Presently, Judaism spreads to Japan and he converts to it. Great - I might have a good friend!

Or not, as four turns later he up and declares war on me!! We were only at -1 relations for close borders, but I guess that was enough to make him mad somehow.

Tokugawa has two chariots threatening Pasargadae which has only one archer defending. The archer miraculously survives the first attack with barely a scratch (2.8/3) and the second chariot declines to attack in favor of pillaging instead. (At least I thought it was miraculous. I didn't yet grok the archer city defense bonus. Also, the city was on a hill and the archer fully fortified, so it was actually defending at 6 strength plus 1 first strike, so it's not too surprising that it won well.)

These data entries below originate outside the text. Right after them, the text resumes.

(* Let $X$ be a finite-dimensional real vector space of dimension greater than two, let $\mathcal{P}$ and $\mathcal{Q}$ be two convex bodies in $X$ which contain the origin as an interior point, and let $W\subset X$ be a $1$-dimensional subspace. If the dual body $\mathcal{P}^*$ is strictly convex and for every hyperplane (linear subspace of codimension one) $Y\subset X$ containing $W$ the convex bodies $(\mathcal{P}\cap Y)^*$ and $(\mathcal{Q}\cap Y)^*$ in $Y^*$ are translates of each other, then $\mathcal{P}^*$ and $\mathcal{Q}^*$ are translates of each other in $X^*$.
   Context: For a convex body $\mathcal{P}$ in a vector space $X$ containing the origin as an interior point, its dual is $\mathcal{P}^*=\{\boldsymbol\xi\in X^*:\boldsymbol\xi(\mathbf{v})\le1\text{ for all }\mathbf{v}\in\mathcal{P}\}$; for a subspace $Y$, $(\mathcal{P}\cap Y)^*\subset Y^*$ is the dual of $\mathcal{P}\cap Y$ taken within $Y$. *)

theory Defs
  imports "HOL-Analysis.Analysis"
begin

definition convex_body :: "'a::euclidean_space set \<Rightarrow> bool" where
  "convex_body S \<longleftrightarrow> compact S \<and> convex S \<and> interior S \<noteq> {}"

definition strictly_convex :: "'a::euclidean_space set \<Rightarrow> bool" where
  "strictly_convex S \<longleftrightarrow> convex S \<and>
     (\<forall>x\<in>S. \<forall>y\<in>S. x \<noteq> y \<longrightarrow> open_segment x y \<subseteq> interior S)"

text \<open>Dual of K taken within the subspace Y. Linear functionals on Y are represented
  (Riesz) by vectors of Y acting via the inner product. For Y = UNIV this is the dual body in X^*.\<close>
definition dual_in :: "'a::euclidean_space set \<Rightarrow> 'a set \<Rightarrow> 'a set" where
  "dual_in Y K = {\<xi> \<in> Y. \<forall>v\<in>K. \<xi> \<bullet> v \<le> 1}"

definition translates_in :: "'a::euclidean_space set \<Rightarrow> 'a set \<Rightarrow> 'a set \<Rightarrow> bool" where
  "translates_in Y A B \<longleftrightarrow> (\<exists>t\<in>Y. A = (\<lambda>x. t + x) ` B)"

end

theory Submission
  imports Defs
begin

text \<open>Fix \<open>w \<noteq> 0\<close> in \<open>W\<close>. Strict convexity of \<open>P\<^sup>*\<close> makes \<open>p\<close>, the maximiser of
  \<open>\<xi> \<mapsto> \<xi> \<bullet> w\<close> on \<open>P\<^sup>*\<close>, unique; let \<open>q\<close> be a maximiser on \<open>Q\<^sup>*\<close>. By Hahn-Banach, restricting
  functionals to a hyperplane \<open>Y \<supseteq> W\<close> maps \<open>P\<^sup>*\<close> onto \<open>(P \<inter> Y)\<^sup>*\<close> without changing the value
  at \<open>w\<close>. Hence if \<open>(P \<inter> Y)\<^sup>* = t + (Q \<inter> Y)\<^sup>*\<close>, the functional \<open>t + q|Y\<close> lifts to a maximiser
  on \<open>P\<^sup>*\<close>, i.e. to \<open>p\<close>, and so \<open>t = (p - q)|Y\<close>. Since \<open>dim X > 2\<close>, every vector lies in some
  such \<open>Y\<close>, and comparing \<open>P\<^sup>*\<close> with \<open>(p - q) + Q\<^sup>*\<close> on each of these sections gives the
  claim.\<close>

lemma exists_subspace_representative:
  fixes x :: "'a::euclidean_space"
  assumes "subspace Y"
  shows "\<exists>x'\<in>Y. \<forall>y\<in>Y. x' \<bullet> y = x \<bullet> y"
proof -
  obtain a b where ab: "a \<in> span Y" "\<And>w. w \<in> span Y \<Longrightarrow> orthogonal b w" "x = a + b"
    using orthogonal_subspace_decomp_exists by blast
  have "a \<in> Y" using ab(1) assms span_eq_iff by blast
  moreover have "a \<bullet> y = x \<bullet> y" if "y \<in> Y" for y
    using ab(2)[OF span_base[OF that]] ab(3) by (simp add: orthogonal_def inner_add_left)
  ultimately show ?thesis by blast
qed

lemma exists_hyperplane_containing:
  fixes W :: "'a::euclidean_space set"
  assumes "dim W + 1 < DIM('a)"
  shows "\<exists>Y. subspace Y \<and> dim Y = DIM('a) - 1 \<and> W \<subseteq> Y \<and> v \<in> Y"
proof -
  have "dim (insert v W) < DIM('a)" using dim_insert[of v W] assms by (simp split: if_splits)
  then obtain u where u: "u \<noteq> 0" "\<And>y. y \<in> span (insert v W) \<Longrightarrow> orthogonal u y"
    using orthogonal_to_subspace_exists by blast
  have "insert v W \<subseteq> {x. u \<bullet> x = 0}"
    using u(2)[OF span_base] by (auto simp: orthogonal_def)
  then show ?thesis
    using subspace_hyperplane[of u] dim_hyperplane[OF u(1)] by blast
qed

lemma compact_dual_in_UNIV:
  fixes K :: "'a::euclidean_space set"
  assumes "0 \<in> interior K"
  shows "compact (dual_in UNIV K)"
proof -
  obtain r where r: "r > 0" "cball 0 r \<subseteq> K"
    using assms mem_interior_cball by blast
  have "dual_in UNIV K = (\<Inter>v\<in>K. {\<xi>. v \<bullet> \<xi> \<le> 1})"
    unfolding dual_in_def by (auto simp: inner_commute)
  then have "closed (dual_in UNIV K)" by (simp add: closed_INT closed_halfspace_le)
  moreover have "norm \<xi> \<le> 1 / r" if \<xi>: "\<xi> \<in> dual_in UNIV K" for \<xi>
  proof (cases "\<xi> = 0")
    case True
    then show ?thesis using r by simp
  next
    case False
    have "(r / norm \<xi>) *\<^sub>R \<xi> \<in> K" using r False by auto
    then have "\<xi> \<bullet> ((r / norm \<xi>) *\<^sub>R \<xi>) \<le> 1" using \<xi> by (auto simp: dual_in_def)
    then have "r * norm \<xi> \<le> 1" using False by (simp add: dot_square_norm power2_eq_square)
    then show ?thesis using r by (simp add: pos_le_divide_eq mult.commute)
  qed
  then have "bounded (dual_in UNIV K)" unfolding bounded_iff by blast
  ultimately show ?thesis by (simp add: compact_eq_bounded_closed)
qed

lemma dual_in_UNIV_attains_sup:
  fixes K :: "'a::euclidean_space set"
  assumes "0 \<in> interior K"
  obtains p where "p \<in> dual_in UNIV K" "\<And>\<xi>. \<xi> \<in> dual_in UNIV K \<Longrightarrow> \<xi> \<bullet> w \<le> p \<bullet> w"
proof -
  have "0 \<in> dual_in UNIV K" by (simp add: dual_in_def)
  then show ?thesis
    using continuous_attains_sup[OF compact_dual_in_UNIV[OF assms], of "\<lambda>\<xi>. \<xi> \<bullet> w"] that
    by (fastforce intro: continuous_intros)
qed

lemma strictly_convex_inner_maximizer_unique:
  fixes S :: "'a::euclidean_space set"
  assumes S: "strictly_convex S" and "w \<noteq> 0"
    and p: "p \<in> S" "\<And>\<xi>. \<xi> \<in> S \<Longrightarrow> \<xi> \<bullet> w \<le> p \<bullet> w"
    and \<xi>: "\<xi> \<in> S" "p \<bullet> w \<le> \<xi> \<bullet> w"
  shows "\<xi> = p"
proof (rule ccontr)
  assume "\<xi> \<noteq> p"
  then have "midpoint \<xi> p \<in> interior S"
    using S \<xi>(1) p(1) unfolding strictly_convex_def by (meson midpoint_in_open_segment subsetD)
  then obtain e where e: "e > 0" "ball (midpoint \<xi> p) e \<subseteq> S" using mem_interior by blast
  define m where "m = midpoint \<xi> p + (e / (2 * norm w)) *\<^sub>R w"
  have "m \<in> S" using e \<open>w \<noteq> 0\<close> unfolding m_def by (auto simp: dist_norm)
  moreover have "midpoint \<xi> p \<bullet> w = p \<bullet> w"
    using p(2)[OF \<xi>(1)] \<xi>(2) by (simp add: midpoint_def inner_add_left)
  then have "m \<bullet> w > p \<bullet> w"
    using e \<open>w \<noteq> 0\<close> unfolding m_def by (simp add: inner_add_left)
  ultimately show False using p(2) by force
qed

lemma dual_in_lt_one_on_interior:
  fixes K Y :: "'a::euclidean_space set"
  assumes "subspace Y" and \<eta>: "\<eta> \<in> dual_in Y (K \<inter> Y)" and v: "v \<in> interior K" "v \<in> Y"
  shows "\<eta> \<bullet> v < 1"
proof (cases "v = 0")
  case True
  then show ?thesis by simp
next
  case False
  obtain e where e: "e > 0" "ball v e \<subseteq> K" using v(1) mem_interior by blast
  define c where "c = 1 + e / (2 * norm v)"
  have "c *\<^sub>R v \<in> K" using e False by (auto simp: c_def dist_norm algebra_simps)
  moreover have "c *\<^sub>R v \<in> Y" using v(2) \<open>subspace Y\<close> by (simp add: subspace_scale)
  ultimately have "c *\<^sub>R v \<in> K \<inter> Y" by blast
  then have "\<eta> \<bullet> (c *\<^sub>R v) \<le> 1" using \<eta> unfolding dual_in_def by blast
  then have "c * (\<eta> \<bullet> v) \<le> 1" by simp
  moreover have "c > 1" using e False by (simp add: c_def)
  ultimately show ?thesis by (smt (verit) mult_less_cancel_right1)
qed

lemma inner_proportional_if_bounded_below_on_level_set:
  fixes Y :: "'a::euclidean_space set"
  assumes "subspace Y" and l0: "l0 \<in> Y" "\<eta> \<bullet> l0 = 1"
    and bdd: "\<And>l. l \<in> Y \<Longrightarrow> \<eta> \<bullet> l = 1 \<Longrightarrow> b \<le> a \<bullet> l"
    and y: "y \<in> Y"
  shows "a \<bullet> y = (a \<bullet> l0) * (\<eta> \<bullet> y)"
proof -
  define d where "d = y - (\<eta> \<bullet> y) *\<^sub>R l0"
  have d: "d \<in> Y" "\<eta> \<bullet> d = 0"
    using assms by (simp_all add: d_def subspace_diff subspace_scale inner_diff_right)
  have "a \<bullet> d = 0"
  proof (rule ccontr)
    assume ad: "a \<bullet> d \<noteq> 0"
    define l where "l = l0 + ((b - a \<bullet> l0 - 1) / (a \<bullet> d)) *\<^sub>R d"
    have "l \<in> Y" "\<eta> \<bullet> l = 1"
      using assms d by (simp_all add: l_def subspace_add subspace_scale inner_add_right)
    moreover have "a \<bullet> l = b - 1" using ad by (simp add: l_def inner_add_right)
    ultimately show False using bdd by force
  qed
  then show ?thesis by (simp add: d_def inner_diff_right)
qed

Fortunately, I was _just_ getting the copper in the NW hooked up with my fourth city, so I can start building axemen to turn the tide. I also researched Iron Working now to add swords to the mix; turned out to have iron right at the capital too.

I capture one Japanese city (Edo) with a stack of three axemen and some archers, and move to attack a second. My attack falls just short, though, and meanwhile Tokugawa landed four chariots by galley right next to Pasargadae. Well, one aspect of the AI still hasn't improved from Civ 3. Tokugawa has me over a barrel for peace since my city is doomed, but instead he cedes me Fishing and Priesthood to make peace.

In the war, one of my archers got to 15 exp, well enough for the Heroic Epic. As the war wound down, I went back to building the Pyramids in the capital and used them to switch to Representation. Persepolis then starts on the Great Library, because the free specialists will be essentially twice as good with the extra science from Representation.